4 Ocak 2018: Filistin Başkanı Mahmut Abbas, Amerika’nın Kudüs’ü İsrail’in başkenti olarak ilan etmesinden sonra görüşülecek hiçbir şeyin olmadığını vurgulayarak “Yüzyılın Anlaşması”nın “Bittiğini” duyurdu.

6 Mayıs 2018: ABD Başkanı Donald Trump, Amerika Büyükelçiliğini Kudüs’e taşıdığını ilan etti. Elçilik, Kudüs’te resmi olarak çalışmalarına 14 Mayıs’ta başladı.

31 Ağustos 2018: Washington, mülteci dosyasını sona erdirmeye çalıştıklarına işaret ederek Birleşmiş Milletler Yakın Doğu’daki Filistinli Mültecilere Yardım ve Bayındırlık Ajansı (UNRWA)’na sağladığı fonu kesti.
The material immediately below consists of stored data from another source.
lemma is_solution_eq_0:
  assumes sol: "is_solution V p" and "p m = 0" "p (Suc m) = 0"
  shows "p k = 0"
proof -
  have up: "p k = 0 \<and> p (Suc k) = 0" if "m \<le> k" for k
    using that
  proof (induction k rule: dec_induct)
    case base then show ?case using assms by simp
  next
    case (step k) then show ?case using is_solution_Suc_Suc[OF sol, of k] by simp
  qed
  have down: "p k = 0 \<and> p (Suc k) = 0" if "k \<le> m" for k
    using that
  proof (induction k rule: inc_induct)
    case base then show ?case using assms by simp
  next
    case (step k)
    have "p k = (2 + V (Suc k)) * p (Suc k) - p (Suc (Suc k))"
      using is_solution_Suc_Suc[OF sol, of k] by simp
    with step.IH show ?case by simp
  qed
  show ?thesis using up down by (meson nat_le_linear)
qed

lemma decaying_solution_abs_less:
  assumes sol: "is_solution V p" and lim: "p \<longlonglongrightarrow> 0" and V: "\<forall>n\<ge>N. 0 \<le> V n"
    and "N \<le> k" and nz: "p (Suc k) \<noteq> 0"
  shows "\<bar>p (Suc k)\<bar> < \<bar>p k\<bar>"
proof (rule ccontr)
  assume not_less: "\<not> ?thesis"
  have nondecreasing: "\<bar>p (Suc k)\<bar> \<le> \<bar>p (Suc n)\<bar> \<and> \<bar>p n\<bar> \<le> \<bar>p (Suc n)\<bar>" if "k \<le> n" for n
    using that
  proof (induction n rule: dec_induct)
    case base then show ?case using not_less by simp
  next
    case (step n)
    have "0 \<le> V (Suc n)" using V \<open>N \<le> k\<close> step.hyps by simp
    then have "2 * \<bar>p (Suc n)\<bar> \<le> \<bar>(2 + V (Suc n)) * p (Suc n)\<bar>"
      by (simp add: abs_mult mult_right_mono)
    then show ?case using step.IH is_solution_Suc_Suc[OF sol, of n] by linarith
  qed
  have "(\<lambda>n. \<bar>p n\<bar>) \<longlonglongrightarrow> 0"
    using lim by (simp add: tendsto_rabs_zero_iff)
  then have "\<forall>\<^sub>F n in sequentially. \<bar>p n\<bar> < \<bar>p (Suc k)\<bar>"
    using nz by (intro order_tendstoD(2)) auto
  then have "\<forall>\<^sub>F n in sequentially. \<bar>p (Suc n)\<bar> < \<bar>p (Suc k)\<bar>"
    by (rule eventually_sequentially_Suc[THEN iffD2])
  moreover have "\<forall>\<^sub>F n in sequentially. k \<le> n"
    by (rule eventually_ge_at_top)
  ultimately have "\<forall>\<^sub>F n in sequentially. False"
    by eventually_elim (use nondecreasing in fastforce)
  then show False by simp
qed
Riyad Üzerinden Amerikan Planı

2017 yılının ortalarından itibaren Suudi Arabistan’a yapılan bir dizi gizli ve aleni ziyaretin ardından, özellikle de İsrail’in Filistinlilerle barış içinde yaşaması konusundaki talepleriyle konumunun ortaya çıkmasından sonra Veliaht Muhammed b. Selman’ın Amerikan planının hazırlanmasında Jared Kushner ile birlikte hareket ettiği ortaya çıktı.
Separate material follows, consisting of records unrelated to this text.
lemma exp_level_factor:
  assumes "0 < m" "m < n"
  shows "exp (- 2 * dl\<^sup>2 / tau\<^sup>2 + 2 * ln (real n / real m - 1))
       = (exp (- (dl / tau)\<^sup>2) * ((real n - real m) / real m))\<^sup>2"
proof -
  have q: "real n / real m - 1 = (real n - real m) / real m" "0 < (real n - real m) / real m"
    using assms by (simp_all add: field_simps)
  have "- 2 * dl\<^sup>2 / tau\<^sup>2 + 2 * ln (real n / real m - 1)
      = 2 * (- (dl / tau)\<^sup>2 + ln ((real n - real m) / real m))"
    by (simp add: q(1) power_divide algebra_simps)
  then show ?thesis
    using q(2) by (simp only: exp_double exp_add exp_ln)
qed

lemma minimizer_error_weight_ratio:
  fixes n l :: nat and z :: "nat \<Rightarrow> real"
  defines "L \<equiv> {k. k < n \<and> z k = z l}"
  assumes levels: "\<And>k. k < n \<Longrightarrow> spectral_inverse p (entries (Om (z k))) lmin lmax (entries (Sig (z k)))"
    and cw: "0 < cw l" and tau: "0 < tau"
    and j: "j < p" and l: "l < n" and bt: "bt j = 0"
    and opt: "obj n p z Om Sig cw tau j l bt \<le> obj n p z Om Sig cw tau j l (beta_star p j (Om (z l)))"
  shows "sumsq p (\<lambda>i. bt i - beta_star p j (Om (z l)) i)
    \<le> 16 * lmax ^ 4 / lmin ^ 4
       * ((\<Sum>k\<in>{..<n} - L. wgt cw z tau l k) / (\<Sum>k\<in>L. wgt cw z tau l k))\<^sup>2"
proof -
  define beta where "beta k = beta_star p j (Om (z k))" for k
  define S where "S k = entries (Sig (z k))" for k
  define w where "w = wgt cw z tau l"
  have level: "sumsq p x \<le> lmax * bform p (S k) x x \<and> lmin * bform p (S k) x x \<le> sumsq p x
      \<and> bform p (S k) u v = bform p (S k) v u \<and> sumsq p (beta k) \<le> lmax\<^sup>2 / lmin\<^sup>2"
    if "k < n" for k x u v
  proof -
    interpret spectral_inverse p "entries (Om (z k))" lmin lmax "entries (Sig (z k))"
      using levels[OF that] .
    show ?thesis
      using sumsq_le_inverse_bform inverse_bform_le_sumsq inverse_bform_commute
        sumsq_beta_star_le[OF spectral_inverse.axioms(1)[OF levels[OF that]] j]
      by (simp add: S_def beta_def)
  qed
  have lmin: "0 < lmin" and lmax: "lmin \<le> lmax"
    using levels[OF l] by (simp_all add: spectral_inverse_def spectral_bounds_def)
  have W_pos: "0 < (\<Sum>k\<in>L. w k)"
    using nlev_pos[OF l] cw tau by (simp add: L_def w_def sum_wgt_same_level)
  have "sumsq p (\<lambda>i. bt i - beta l i)
      \<le> 4 * (1 / lmin)\<^sup>2 * (4 * lmax\<^sup>2 / lmin\<^sup>2) * (\<Sum>k\<in>{..<n} - L. w k)\<^sup>2 / ((\<Sum>k\<in>L. w k) * (1 / lmax))\<^sup>2"
  proof (rule weighted_minimizer_bound[where S = S and e = "\<lambda>k i. beta k i - beta l i"])
    show "L \<subseteq> {..<n}" by (auto simp: L_def)
    show "0 \<le> w k" for k
      using cw tau by (simp add: w_def wgt_def)
    show "0 < 1 / lmax" "0 < 1 / lmin"
      using lmin lmax by simp_all
    show "bform p (S k) u v = bform p (S k) v u" if "k \<in> {..<n}" for k u v
      using level that by blast
    show "0 \<le> bform p (S k) x x" if "k \<in> {..<n}" for k x
    proof -
      have "0 \<le> lmax * bform p (S k) x x"
        using level[of k x x x] that sumsq_nonneg[of p x] by auto
      with lmin lmax show ?thesis by (simp add: zero_le_mult_iff)
    qed
    show "1 / lmax * sumsq p x \<le> bform p (S k) x x" if "k \<in> L" for k x
      using level[of k x] that lmin lmax by (auto simp: L_def field_simps)
    show "bform p (S k) x x \<le> 1 / lmin * sumsq p x" if "k \<in> {..<n}" for k x
      using level[of k x] that lmin by (auto simp: field_simps)
    show "beta k i - beta l i = 0" if "k \<in> L" for k i
      using that by (simp add: L_def beta_def)
    show "sumsq p (\<lambda>i. beta k i - beta l i) \<le> 4 * lmax\<^sup>2 / lmin\<^sup>2" if "k \<in> {..<n} - L" for k
      using sumsq_diff_le[of p "beta k" "beta l"] level[of k] level[of l] that l by fastforce
    show "(\<Sum>k\<in>{..<n}. w k * bform p (S k) (\<lambda>i. beta k i - beta l i - (bt i - beta l i))
                                            (\<lambda>i. beta k i - beta l i - (bt i - beta l i)))
        \<le> (\<Sum>k\<in>{..<n}. w k * bform p (S k) (\<lambda>i. beta k i - beta l i) (\<lambda>i. beta k i - beta l i))"
      using opt bt by (simp add: obj_eq_bform_sum beta_star_at_index beta_def S_def w_def lessThan_def)
  qed (use W_pos in simp_all)
  also have "\<dots> = 16 * lmax ^ 4 / lmin ^ 4 * ((\<Sum>k\<in>{..<n} - L. w k) / (\<Sum>k\<in>L. w k))\<^sup>2"
    using lmin W_pos by (simp add: field_simps power2_eq_square power4_eq_xxxx)
  finally show ?thesis
    by (simp add: beta_def w_def)
qed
Projenin geliştirilmesi aşamasında Donald Trump ve Jared Kushner, “Etkili bir Suudi katılımı olmasaydı proje geçemezdi” dedi. Jared Kushner, anlaşmanın geçmesi için gizli ve aleni olarak Riyad’a çok sayıda ziyarette bulundu ve ziyaretleri sırasında Muhammed b. Selman’la da görüştü. Öte yandan Kral Selman b. Abdulaziz, açıklamalarında Kudüs’ün Arap kimliğine önem gösterdiğini ve Filistinlilerin hakkını desteklediğini belirtti.